Extracted records
________________________________________

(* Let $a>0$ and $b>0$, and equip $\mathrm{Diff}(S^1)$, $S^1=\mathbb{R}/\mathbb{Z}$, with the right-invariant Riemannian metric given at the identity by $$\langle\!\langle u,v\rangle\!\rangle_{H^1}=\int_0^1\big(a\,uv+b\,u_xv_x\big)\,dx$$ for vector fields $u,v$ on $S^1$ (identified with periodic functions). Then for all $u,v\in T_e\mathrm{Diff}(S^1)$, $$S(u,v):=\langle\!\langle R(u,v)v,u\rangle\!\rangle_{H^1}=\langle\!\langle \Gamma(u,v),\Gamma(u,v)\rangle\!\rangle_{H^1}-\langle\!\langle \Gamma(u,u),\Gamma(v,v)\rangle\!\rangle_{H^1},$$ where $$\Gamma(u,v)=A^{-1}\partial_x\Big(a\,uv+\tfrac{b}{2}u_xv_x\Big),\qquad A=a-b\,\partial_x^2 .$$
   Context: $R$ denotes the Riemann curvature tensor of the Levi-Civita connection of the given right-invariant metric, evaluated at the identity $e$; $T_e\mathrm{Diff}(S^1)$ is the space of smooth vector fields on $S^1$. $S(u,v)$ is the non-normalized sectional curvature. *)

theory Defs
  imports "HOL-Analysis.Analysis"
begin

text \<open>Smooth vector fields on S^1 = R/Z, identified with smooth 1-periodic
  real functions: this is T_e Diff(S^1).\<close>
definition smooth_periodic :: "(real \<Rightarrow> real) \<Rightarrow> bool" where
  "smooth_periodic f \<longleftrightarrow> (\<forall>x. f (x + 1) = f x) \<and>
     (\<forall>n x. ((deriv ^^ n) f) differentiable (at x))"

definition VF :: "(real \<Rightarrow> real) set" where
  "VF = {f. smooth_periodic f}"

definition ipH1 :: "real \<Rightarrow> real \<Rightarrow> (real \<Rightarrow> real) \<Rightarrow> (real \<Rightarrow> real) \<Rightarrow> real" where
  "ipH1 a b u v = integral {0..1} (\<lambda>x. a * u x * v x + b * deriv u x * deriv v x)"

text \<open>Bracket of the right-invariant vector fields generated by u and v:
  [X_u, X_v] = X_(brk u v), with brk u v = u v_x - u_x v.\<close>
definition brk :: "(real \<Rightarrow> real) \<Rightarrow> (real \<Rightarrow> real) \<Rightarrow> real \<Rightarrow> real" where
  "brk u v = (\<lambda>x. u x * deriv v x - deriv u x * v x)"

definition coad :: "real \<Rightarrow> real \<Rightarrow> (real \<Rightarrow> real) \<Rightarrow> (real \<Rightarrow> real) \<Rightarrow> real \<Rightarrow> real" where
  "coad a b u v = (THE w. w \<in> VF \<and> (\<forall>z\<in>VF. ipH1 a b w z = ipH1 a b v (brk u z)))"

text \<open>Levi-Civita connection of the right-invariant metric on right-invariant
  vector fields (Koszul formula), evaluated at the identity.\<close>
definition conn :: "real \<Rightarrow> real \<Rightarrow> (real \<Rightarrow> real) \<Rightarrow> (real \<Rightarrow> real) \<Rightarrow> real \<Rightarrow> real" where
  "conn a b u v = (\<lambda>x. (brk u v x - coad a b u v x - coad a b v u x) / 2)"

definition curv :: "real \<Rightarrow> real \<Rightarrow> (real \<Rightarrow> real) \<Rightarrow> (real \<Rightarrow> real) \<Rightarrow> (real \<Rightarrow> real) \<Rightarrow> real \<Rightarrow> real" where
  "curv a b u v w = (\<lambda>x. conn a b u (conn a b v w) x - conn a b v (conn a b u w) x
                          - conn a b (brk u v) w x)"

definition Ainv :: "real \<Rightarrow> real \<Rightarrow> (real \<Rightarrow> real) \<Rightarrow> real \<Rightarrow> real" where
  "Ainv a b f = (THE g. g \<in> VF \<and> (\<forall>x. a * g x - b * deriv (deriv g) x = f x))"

________________________________________

• _What the exercise asks_
Of all the entries above, retype exactly the lines from the line with "Context: $R$ denotes" to the line with "theory Defs", both included, and no others.

• _Task answer_
   Context: $R$ denotes the Riemann curvature tensor of the Levi-Civita connection of the given right-invariant metric, evaluated at the identity $e$; $T_e\mathrm{Diff}(S^1)$ is the space of smooth vector fields on $S^1$. $S(u,v)$ is the non-normalized sectional curvature. *)

theory Defs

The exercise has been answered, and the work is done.